# BERT -wang
###### tags: `NLP`
## Predict Masked Word
"The __ sat on the mat" (What is the masked word?)

## Predict Next Sentence
+ Given the sentence:
"calculus is a branch of math"
+ Is this the next sentence?
"it was developed by newton and leibniz"
+ Is this the next sentence?
"panda is native to south central china"

## Combining the two method
+ Input:
"[CLS] calculus is a **[MASK]** of math **[SEP]** it **[MASK]** developed by newton and leibniz".
+ Targets: True, "branch", "was"
## Training
1. **Loss1** is for binary classification.
2. **Loss2** and **Loss3** are for multi-class classification.

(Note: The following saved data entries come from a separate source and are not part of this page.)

(* Let $B$ be a translation invariant differentiation basis in $\mathbb{R}^2$. Then every $W_B$-set $E\subset\Gamma_2$ is a set of type $G_{\delta\sigma}$ in $\Gamma_2$.
   Context: A differentiation basis in $\mathbb{R}^n$ is a mapping $B$ assigning to each $x\in\mathbb{R}^n$ a family $B(x)$ of bounded measurable sets of positive Lebesgue measure containing $x$, such that there is a sequence $R_k\in B(x)$ with $\operatorname{diam}R_k\to 0$. $B$ is translation invariant if $B(x)=\{x+R: R\in B(0)\}$ for every $x$. For $f\in L(\mathbb{R}^n)$ the upper and lower derivatives of $\int f$ at $x$ with respect to $B$ are $\overline{D}_B(\int f,x)=\limsup_{R\in B(x),\,\operatorname{diam}R\to0}\frac{1}{|R|}\int_R f$ and $\underline{D}_B(\int f,x)=\liminf_{R\in B(x),\,\operatorname{diam}R\to0}\frac{1}{|R|}\int_R f$; $B$ differentiates $\int f$ if both equal $f(x)$ for almost every $x$. $F_B$ denotes the class of $f\in L(\mathbb{R}^n)$ whose integrals are differentiated by $B$. $\Gamma_2$ is the set of rotations of $\mathbb{R}^2$ about the origin, identified with the unit circle $\mathbb{T}$ (a rotation by angle $\theta$ corresponds to $e^{i\theta}$), with the distance between two rotations being the length of the shorter arc of $\mathbb{T}$ between the corresponding points; the topology on $\Gamma_2$ is that of this metric. For $\gamma\in\Gamma_2$ the $\gamma$-rotated basis is $B(\gamma)(x)=\{x+\gamma(R-x): R\in B(x)\}$. A set $E\subset\Gamma_2$ is a $W_B$-set if there exists $f\in L(\mathbb{R}^2)$ such that (1) $f\notin F_{B(\gamma)}$ for every $\gamma\in E$, and (2) $f\in F_{B(\gamma)}$ for every $\gamma\notin E$. *)

theory Defs
  imports "HOL-Analysis.Analysis"
begin

text \<open>The plane R^2 is modelled as the type complex (a 2-dimensional Euclidean space),
  so that the rotation by angle theta is multiplication by the unit complex number e^(i theta).\<close>

type_synonym basis = "complex \<Rightarrow> complex set set"

definition differentiation_basis :: "basis \<Rightarrow> bool" where
  "differentiation_basis B \<longleftrightarrow>
     (\<forall>x. (\<forall>R\<in>B x. bounded R \<and> R \<in> sets lebesgue \<and> measure lebesgue R > 0 \<and> x \<in> R) \<and>
          (\<exists>Rk :: nat \<Rightarrow> complex set. (\<forall>k. Rk k \<in> B x) \<and> (\<lambda>k. diameter (Rk k)) \<longlonglongrightarrow> 0))"

definition translation_invariant :: "basis \<Rightarrow> bool" where
  "translation_invariant B \<longleftrightarrow> (\<forall>x. B x = (\<lambda>R. (\<lambda>y. x + y) ` R) ` B 0)"

definition avg :: "(complex \<Rightarrow> real) \<Rightarrow> complex set \<Rightarrow> real" where
  "avg f R = (LINT y:R|lebesgue. f y) / measure lebesgue R"

definition upper_deriv :: "basis \<Rightarrow> (complex \<Rightarrow> real) \<Rightarrow> complex \<Rightarrow> ereal" where
  "upper_deriv B f x = (INF e\<in>{e::real. e > 0}. SUP R\<in>{R\<in>B x. diameter R < e}. ereal (avg f R))"

definition lower_deriv :: "basis \<Rightarrow> (complex \<Rightarrow> real) \<Rightarrow> complex \<Rightarrow> ereal" where
  "lower_deriv B f x = (SUP e\<in>{e::real. e > 0}. INF R\<in>{R\<in>B x. diameter R < e}. ereal (avg f R))"

definition F_class :: "basis \<Rightarrow> (complex \<Rightarrow> real) set" where
  "F_class B = {f. integrable lebesgue f \<and>
      (AE x in lebesgue. upper_deriv B f x = ereal (f x) \<and> lower_deriv B f x = ereal (f x))}"

text \<open>Gamma_2: rotations, identified with the unit circle.\<close>
definition Gamma2 :: "complex set" where
  "Gamma2 = sphere 0 1"

definition rotated_basis :: "basis \<Rightarrow> complex \<Rightarrow> basis" where
  "rotated_basis B \<gamma> x = (\<lambda>R. (\<lambda>y. x + \<gamma> * (y - x)) ` R) ` B x"
lemma DV_functional_bind_le:
  fixes K Q :: "'b \<Rightarrow> 'a measure"
  assumes \<mu>: "prob_space \<mu>"
    and K [measurable]: "K \<in> \<mu> \<rightarrow>\<^sub>M subprob_algebra L"
    and Q [measurable]: "Q \<in> \<mu> \<rightarrow>\<^sub>M subprob_algebra L"
    and prob_K: "\<And>z. z \<in> space \<mu> \<Longrightarrow> prob_space (K z)"
    and prob_Q: "\<And>z. z \<in> space \<mu> \<Longrightarrow> prob_space (Q z)"
    and g [measurable]: "g \<in> borel_measurable L" and bounded: "\<And>x. x \<in> space L \<Longrightarrow> \<bar>g x\<bar> \<le> B"
  shows "integrable \<mu> (\<lambda>z. DV_functional (K z) (Q z) g)"
    and "DV_functional (\<mu> \<bind> K) (\<mu> \<bind> Q) g \<le> (\<integral>z. DV_functional (K z) (Q z) g \<partial>\<mu>)"
proof -
  interpret \<mu>: prob_space \<mu> by (fact \<mu>)
  define G where "G z = (\<integral>x. g x \<partial>K z)" for z
  define E where "E z = (\<integral>x. exp (g x) \<partial>Q z)" for z
  have [measurable]: "G \<in> borel_measurable \<mu>" "E \<in> borel_measurable \<mu>"
    unfolding G_def E_def by measurable
  have G_bound: "\<bar>G z\<bar> \<le> B" and E_bounds: "exp (- B) \<le> E z \<and> E z \<le> exp B"
    if z: "z \<in> space \<mu>" for z
  proof -
    have "g \<in> borel_measurable (K z)" "g \<in> borel_measurable (Q z)"
      using g by (simp_all only: subprob_measurableD(3)[OF K z] subprob_measurableD(3)[OF Q z])
    then show "\<bar>G z\<bar> \<le> B" "exp (- B) \<le> E z \<and> E z \<le> exp B"
      unfolding G_def E_def
      by (intro prob_space.abs_integral_le_bound[OF prob_K[OF z]]
            prob_space.integral_exp_between_bounds[OF prob_Q[OF z]];
          simp add: bounded subprob_measurableD(1)[OF K z] subprob_measurableD(1)[OF Q z])+
  qed
  have E_pos: "0 < E z" and abs_E: "\<bar>E z\<bar> \<le> exp B" and abs_ln_E: "\<bar>ln (E z)\<bar> \<le> B"
    if "z \<in> space \<mu>" for z
  proof -
    show "0 < E z" using E_bounds[OF that] exp_gt_zero[of "- B"] by linarith
    then show "\<bar>E z\<bar> \<le> exp B" "\<bar>ln (E z)\<bar> \<le> B"
      using E_bounds[OF that] ln_le_cancel_iff[of "exp (- B)" "E z"]
        ln_le_cancel_iff[of "E z" "exp B"]
      by (auto simp: abs_le_iff)
  qed
  have int_G: "integrable \<mu> G"
    using G_bound by (intro \<mu>.integrable_const_bound[where B=B]) auto
  have int_E: "integrable \<mu> E"
    using abs_E by (intro \<mu>.integrable_const_bound[where B="exp B"]) auto
  have int_ln_E: "integrable \<mu> (\<lambda>z. ln (E z))"
    using abs_ln_E by (intro \<mu>.integrable_const_bound[where B=B]) auto
  have DV_eq: "DV_functional (K z) (Q z) g = G z - ln (E z)" for z
    by (simp add: DV_functional_def G_def E_def)
  show "integrable \<mu> (\<lambda>z. DV_functional (K z) (Q z) g)"
    unfolding DV_eq using int_G int_ln_E by simp
  have "(\<integral>x. g x \<partial>(\<mu> \<bind> K)) = (\<integral>z. G z \<partial>\<mu>)"
    unfolding G_def using bounded prob_space.emeasure_space_1[OF prob_K]
    by (intro integral_bind[OF g _ K, where B'=1]) auto
  moreover have "(\<integral>x. exp (g x) \<partial>(\<mu> \<bind> Q)) = (\<integral>z. E z \<partial>\<mu>)"
    unfolding E_def using bounded prob_space.emeasure_space_1[OF prob_Q]
    by (intro integral_bind[OF _ _ Q, where B'=1 and B="exp B"]) (auto simp: abs_le_iff)
  moreover have "(\<integral>z. ln (E z) \<partial>\<mu>) \<le> ln (\<integral>z. E z \<partial>\<mu>)"
    using int_E int_ln_E E_pos by (intro \<mu>.integral_ln_le_ln_integral AE_I2)
  moreover have "(\<integral>z. DV_functional (K z) (Q z) g \<partial>\<mu>) = (\<integral>z. G z \<partial>\<mu>) - (\<integral>z. ln (E z) \<partial>\<mu>)"
    unfolding DV_eq using int_G int_ln_E by simp
  ultimately show "DV_functional (\<mu> \<bind> K) (\<mu> \<bind> Q) g \<le> (\<integral>z. DV_functional (K z) (Q z) g \<partial>\<mu>)"
    by (simp add: DV_functional_def)
qed
(* Let $N\ge1$, $p\ge2$, $w,g\in L^1_{loc}(\mathbb{R}^N)$ positive a.e. with $g^{-1}\in L^\infty(\mathbb{R}^N)$. Let $M$ be a constant with $M>0$ if $p=2$ and $0<M<\frac{4}{(p-1)^2}$ if $p>2$. Let $u\in C^1(\mathbb{R}^N)$, $u>0$, with $\|u\|_{L^\infty(\mathbb{R}^N)}\le M$, be a stable weak solution of $\operatorname{div}(w|\nabla u|^{p-2}\nabla u)=g(x)e^{1/u}$ in $\mathbb{R}^N$. Then for every $\beta\in(0,t_p)$ there exists a constant $c>0$, depending on $\beta,p,M,m$ but not on $\psi$, such that for every $\psi\in C^1_c(\mathbb{R}^N)$ with $0\le\psi\le1$, $$\int_{\mathbb{R}^N} g\Big(\frac{\psi}{u}\Big)^{2\beta+p}dx\le c\int_{\mathbb{R}^N} w^{\theta'}|\nabla\psi|^{p\theta'}dx,\qquad \theta'=\frac{2\beta+p}{p}.$$
   Context: Here $m=\|g^{-1}\|_{L^\infty}$. Weak solution and stability are with respect to $f(t)=-e^{1/t}$ and the equation $-\operatorname{div}(w|\nabla u|^{p-2}\nabla u)=gf(u)$: $u\in C^1$ is a weak solution if $\int w|\nabla u|^{p-2}\nabla u\cdot\nabla\varphi=\int gf(u)\varphi$ for all $\varphi\in C^1_c(\mathbb{R}^N)$; it is stable if for all $\varphi\in C^1_c(\mathbb{R}^N)$, $\int w|\nabla u|^{p-2}|\nabla\varphi|^2+(p-2)\int w|\nabla u|^{p-4}(\nabla u\cdot\nabla\varphi)^2-\int gf'(u)\varphi^2\ge0$ (middle integrand $=0$ where $\nabla u=0$). $t_p=\frac1M+\sqrt{\frac1M+\frac1{M^2}}$ if $p=2$, and $t_p=\frac{2}{M(p-1)}-\frac{p-1}{2}$ if $p>2$. *)

theory Defs
  imports "HOL-Analysis.Analysis" "HOL-Probability.Essential_Supremum"
begin

definition fnl :: "real \<Rightarrow> real" where
  "fnl t = - exp (1 / t)"

text \<open>Power t^a for t \<ge> 0, a \<ge> 0, with the convention 0^0 = 1
  (Isabelle's powr has 0 powr 0 = 0).\<close>
definition rpow :: "real \<Rightarrow> real \<Rightarrow> real" where
  "rpow t a = (if t = 0 then (if a = 0 then 1 else 0) else t powr a)"

definition C1_grad :: "('a::euclidean_space \<Rightarrow> real) \<Rightarrow> ('a \<Rightarrow> 'a) \<Rightarrow> bool" where
  "C1_grad f Df \<longleftrightarrow> (\<forall>x. (f has_derivative (\<lambda>h. Df x \<bullet> h)) (at x)) \<and> continuous_on UNIV Df"

definition C1c_grad :: "('a::euclidean_space \<Rightarrow> real) \<Rightarrow> ('a \<Rightarrow> 'a) \<Rightarrow> bool" where
  "C1c_grad f Df \<longleftrightarrow> C1_grad f Df \<and> compact (closure {x. f x \<noteq> 0})"

definition loc_integrable :: "('a::euclidean_space \<Rightarrow> real) \<Rightarrow> bool" where
  "loc_integrable f \<longleftrightarrow> (\<forall>K. compact K \<longrightarrow> set_integrable lebesgue K f)"

text \<open>Weak solution of -div(w |\<nabla>u|^{p-2} \<nabla>u) = g f(u), with Du the gradient of u.\<close>
definition weak_solution ::
  "real \<Rightarrow> ('a::euclidean_space \<Rightarrow> real) \<Rightarrow> ('a \<Rightarrow> real) \<Rightarrow> ('a \<Rightarrow> real) \<Rightarrow> ('a \<Rightarrow> 'a) \<Rightarrow> bool" where
  "weak_solution p w g u Du \<longleftrightarrow>
     (\<forall>\<phi> D\<phi>. C1c_grad \<phi> D\<phi> \<longrightarrow>
        (\<integral>x. w x * rpow (norm (Du x)) (p - 2) * (Du x \<bullet> D\<phi> x) \<partial>lebesgue)
        = (\<integral>x. g x * fnl (u x) * \<phi> x \<partial>lebesgue))"

definition stable ::
  "real \<Rightarrow> ('a::euclidean_space \<Rightarrow> real) \<Rightarrow> ('a \<Rightarrow> real) \<Rightarrow> ('a \<Rightarrow> real) \<Rightarrow> ('a \<Rightarrow> 'a) \<Rightarrow> bool" where
  "stable p w g u Du \<longleftrightarrow>
     (\<forall>\<phi> D\<phi>. C1c_grad \<phi> D\<phi> \<longrightarrow>
        (\<integral>x. w x * rpow (norm (Du x)) (p - 2) * (norm (D\<phi> x))\<^sup>2 \<partial>lebesgue)
        + (p - 2) * (\<integral>x. (if Du x = 0 then 0
                         else w x * norm (Du x) powr (p - 4) * (Du x \<bullet> D\<phi> x)\<^sup>2) \<partial>lebesgue)
        - (\<integral>x. g x * deriv fnl (u x) * (\<phi> x)\<^sup>2 \<partial>lebesgue) \<ge> 0)"

definition t_p :: "real \<Rightarrow> real \<Rightarrow> real" where
  "t_p p M = (if p = 2 then 1 / M + sqrt (1 / M + 1 / M\<^sup>2)
              else 2 / (M * (p - 1)) - (p - 1) / 2)"

end

theory Submission
  imports Defs
begin

text \<open>Write \<open>z = \<psi>/u\<close>, \<open>r = 2\<beta> + p\<close> and \<open>\<alpha> = \<beta> + (p - 2)/2\<close>, so that \<open>r = 2\<alpha> + 2\<close>. Testing the
  equation with \<open>u z^r\<close> and the stability inequality with \<open>u z^(\<alpha>+1)\<close>, whose gradients involve only
  \<open>\<nabla>u\<close> and \<open>\<nabla>\<psi>\<close>, gives two relations between the energy \<open>\<integral> w |\<nabla>u|^p z^r\<close>, the mixed term
  \<open>\<integral> w |\<nabla>u|^(p-2) z^(r-1) \<nabla>u\<cdot>\<nabla>\<psi>\<close>, a cut-off term and \<open>\<integral> g e^(1/u) z^r\<close>. Eliminating the energy and
  using \<open>u \<le> M\<close> bounds \<open>(2\<alpha> + 1 - (p - 1)\<alpha>\<^sup>2M) \<integral> g e^(1/u) z^r\<close> by the mixed and cut-off terms, and
  \<open>\<beta> < t_p\<close> makes this coefficient positive. Young's inequality with a small parameter bounds those
  terms by a small multiple of the energy plus \<open>\<integral> w z^(2\<beta>) |\<nabla>\<psi>|^p\<close>; a weighted Young inequality,
  using \<open>1/g \<le> m\<close>, finally trades the latter for a small multiple of \<open>\<integral> g z^r\<close>, which is absorbed.\<close>

section \<open>Local integrability and \<open>C\<^sup>1\<close> calculus\<close>

lemma continuous_on_imp_borel_measurable_lebesgue:
  fixes h :: "'a::euclidean_space \<Rightarrow> 'b::topological_space"
  shows "continuous_on UNIV h \<Longrightarrow> h \<in> borel_measurable lebesgue"
  by (simp add: borel_measurable_continuous_onI measurable_completion)

lemma loc_integrable_imp_borel_measurable:
  fixes w :: "'a::euclidean_space \<Rightarrow> real"
  assumes "loc_integrable w"
  shows "w \<in> borel_measurable lebesgue"
proof (rule borel_measurable_LIMSEQ_real)
  fix n :: nat
  have "integrable lebesgue (\<lambda>x. indicator (cball 0 (real n)) x *\<^sub>R w x)"
    using assms unfolding loc_integrable_def set_integrable_def by auto
  then show "(\<lambda>x. indicator (cball 0 (real n)) x *\<^sub>R w x) \<in> borel_measurable lebesgue"
    by (rule borel_measurable_integrable)
next
  fix x :: 'a
  have "eventually (\<lambda>n. indicator (cball 0 (real n)) x *\<^sub>R w x = w x) sequentially"
    unfolding eventually_sequentially
    by (rule exI[of _ "nat \<lceil>norm x\<rceil>"])
      (auto simp: indicator_def dist_norm intro: order_trans[OF real_nat_ceiling_ge])
  then show "(\<lambda>n. indicator (cball 0 (real n)) x *\<^sub>R w x) \<longlonglongrightarrow> w x"
    by (rule tendsto_eventually)
qed

lemma loc_integrable_mult_compact_support:
  fixes w h :: "'a::euclidean_space \<Rightarrow> real"
  assumes w: "loc_integrable w" and S: "compact S" and h: "continuous_on UNIV h"
    and vanish: "\<And>x. x \<notin> S \<Longrightarrow> h x = 0"
  shows "integrable lebesgue (\<lambda>x. w x * h x)"
proof -
  let ?wS = "\<lambda>x. indicator S x *\<^sub>R w x"
  have int_wS: "integrable lebesgue ?wS"
    using w S unfolding loc_integrable_def set_integrable_def by auto
  obtain B where B: "\<And>x. x \<in> S \<Longrightarrow> \<bar>h x\<bar> \<le> B"
    using compact_imp_bounded[OF compact_continuous_image[OF continuous_on_subset[OF h] S]]
    unfolding bounded_iff by auto
  have eq: "(\<lambda>x. w x * h x) = (\<lambda>x. ?wS x * h x)"
    using vanish by (force simp: indicator_def)
  have "integrable lebesgue (\<lambda>x. ?wS x * h x)"
  proof (rule Bochner_Integration.integrable_bound)
    show "integrable lebesgue (\<lambda>x. max B 0 * ?wS x)"
      using int_wS by simp
    show "(\<lambda>x. ?wS x * h x) \<in> borel_measurable lebesgue"
      using borel_measurable_integrable[OF int_wS] continuous_on_imp_borel_measurable_lebesgue[OF h]
      by measurable
    show "AE x in lebesgue. norm (?wS x * h x) \<le> norm (max B 0 * ?wS x)"
    proof (rule AE_I2)
      fix x
      have "\<bar>w x\<bar> * \<bar>h x\<bar> \<le> \<bar>w x\<bar> * max B 0" if "x \<in> S"
        using B[OF that] by (intro mult_left_mono) auto
      then show "norm (?wS x * h x) \<le> norm (max B 0 * ?wS x)"
        by (cases "x \<in> S") (simp_all add: abs_mult ac_simps)
    qed
  qed
  then show ?thesis
    using eq by simp
qed

lemma C1_grad_continuous_on: "C1_grad f Df \<Longrightarrow> continuous_on UNIV f"
  unfolding C1_grad_def
  by (meson continuous_at_imp_continuous_on has_derivative_continuous)
(* Let $(\mathcal P_1,\cdot_1,[-,-]_1)$ and $(\mathcal P_2,\cdot_2,[-,-]_2)$ be Poisson algebras, and let $\mathcal P=\mathcal P_1\otimes\mathcal P_2$ be the Poisson algebra with componentwise product $\cdot$ and Lie bracket $$[x_1\otimes y_1,x_2\otimes y_2]_\otimes=[x_1,x_2]_1\otimes(y_1\cdot_2y_2)+(x_1\cdot_1x_2)\otimes[y_1,y_2]_2 .$$ Endow $\mathcal P$ with the $n$-ary bracket $$[x_1,x_2,\dots,x_n]:=[x_1,[x_2,\dots,[x_{n-1},x_n]_\otimes\dots]_\otimes]_\otimes,\qquad x_i\in\mathcal P.$$ Let $\mathcal I$ be the ideal of the Poisson algebra $(\mathcal P,\cdot,[-,-]_\otimes)$ generated by all elements $$[x_1,\dots,x_i,\dots,x_j,\dots,x_n]+[x_1,\dots,x_j,\dots,x_i,\dots,x_n],\qquad 1\le i<j\le n,\ x_k\in\mathcal P.$$ Then the quotient $\mathcal P/\mathcal I$, with the induced product and the induced $n$-ary bracket $[\bar x_1,\dots,\bar x_n]=[x_1,\dots,x_n]+\mathcal I$, is a Poisson $n$-Lie algebra.
   Context: A Poisson algebra is a commutative associative algebra $(\mathcal P,\cdot)$ with a Lie bracket $[-,-]$ satisfying $[x,y\cdot z]=[x,y]\cdot z+y\cdot[x,z]$. An ideal of a Poisson algebra is a subspace closed under multiplication by arbitrary elements with respect to both $\cdot$ and $[-,-]$. A Poisson $n$-Lie algebra is a commutative associative algebra with an $n$-linear skew-symmetric bracket satisfying the fundamental identity $[x_1,\dots,x_{n-1},[y_1,\dots,y_n]]=\sum_{i=1}^n[y_1,\dots,[x_1,\dots,x_{n-1},y_i],\dots,y_n]$ and the Leibniz rule $[y\cdot z,x_2,\dots,x_n]=y\cdot[z,x_2,\dots,x_n]+z\cdot[y,x_2,\dots,x_n]$. *)

theory Defs
  imports Complex_Main
begin

definition bilinear_map ::
  "('k::field \<Rightarrow> 'a::ab_group_add \<Rightarrow> 'a) \<Rightarrow> ('k \<Rightarrow> 'b::ab_group_add \<Rightarrow> 'b)
   \<Rightarrow> ('k \<Rightarrow> 'c::ab_group_add \<Rightarrow> 'c) \<Rightarrow> ('a \<Rightarrow> 'b \<Rightarrow> 'c) \<Rightarrow> bool" where
  "bilinear_map sa sb sc f \<longleftrightarrow>
     (\<forall>x. Vector_Spaces.linear sb sc (f x)) \<and> (\<forall>y. Vector_Spaces.linear sa sc (\<lambda>x. f x y))"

3. Objective function is the sum of the three loss functions.
4. Update model parameters by performing on gradient descent.
## Data
1. BERT does not need manually labeled data.
2. Use large-scale data, e.g., English Wikipedia.
3. andomly mask words (with some tricks).
4. 50% of the next sentence are real.
## Cost of computation
1. **BERT Base**
+ 110M parameters.
+ 16 TPUs, 4 days of training (without hyper-parameter tuning)
2. **BERT Large**
+ 235M parameters.
+ 64 TPUs, 4 days of training (without hyper-parameter tuning)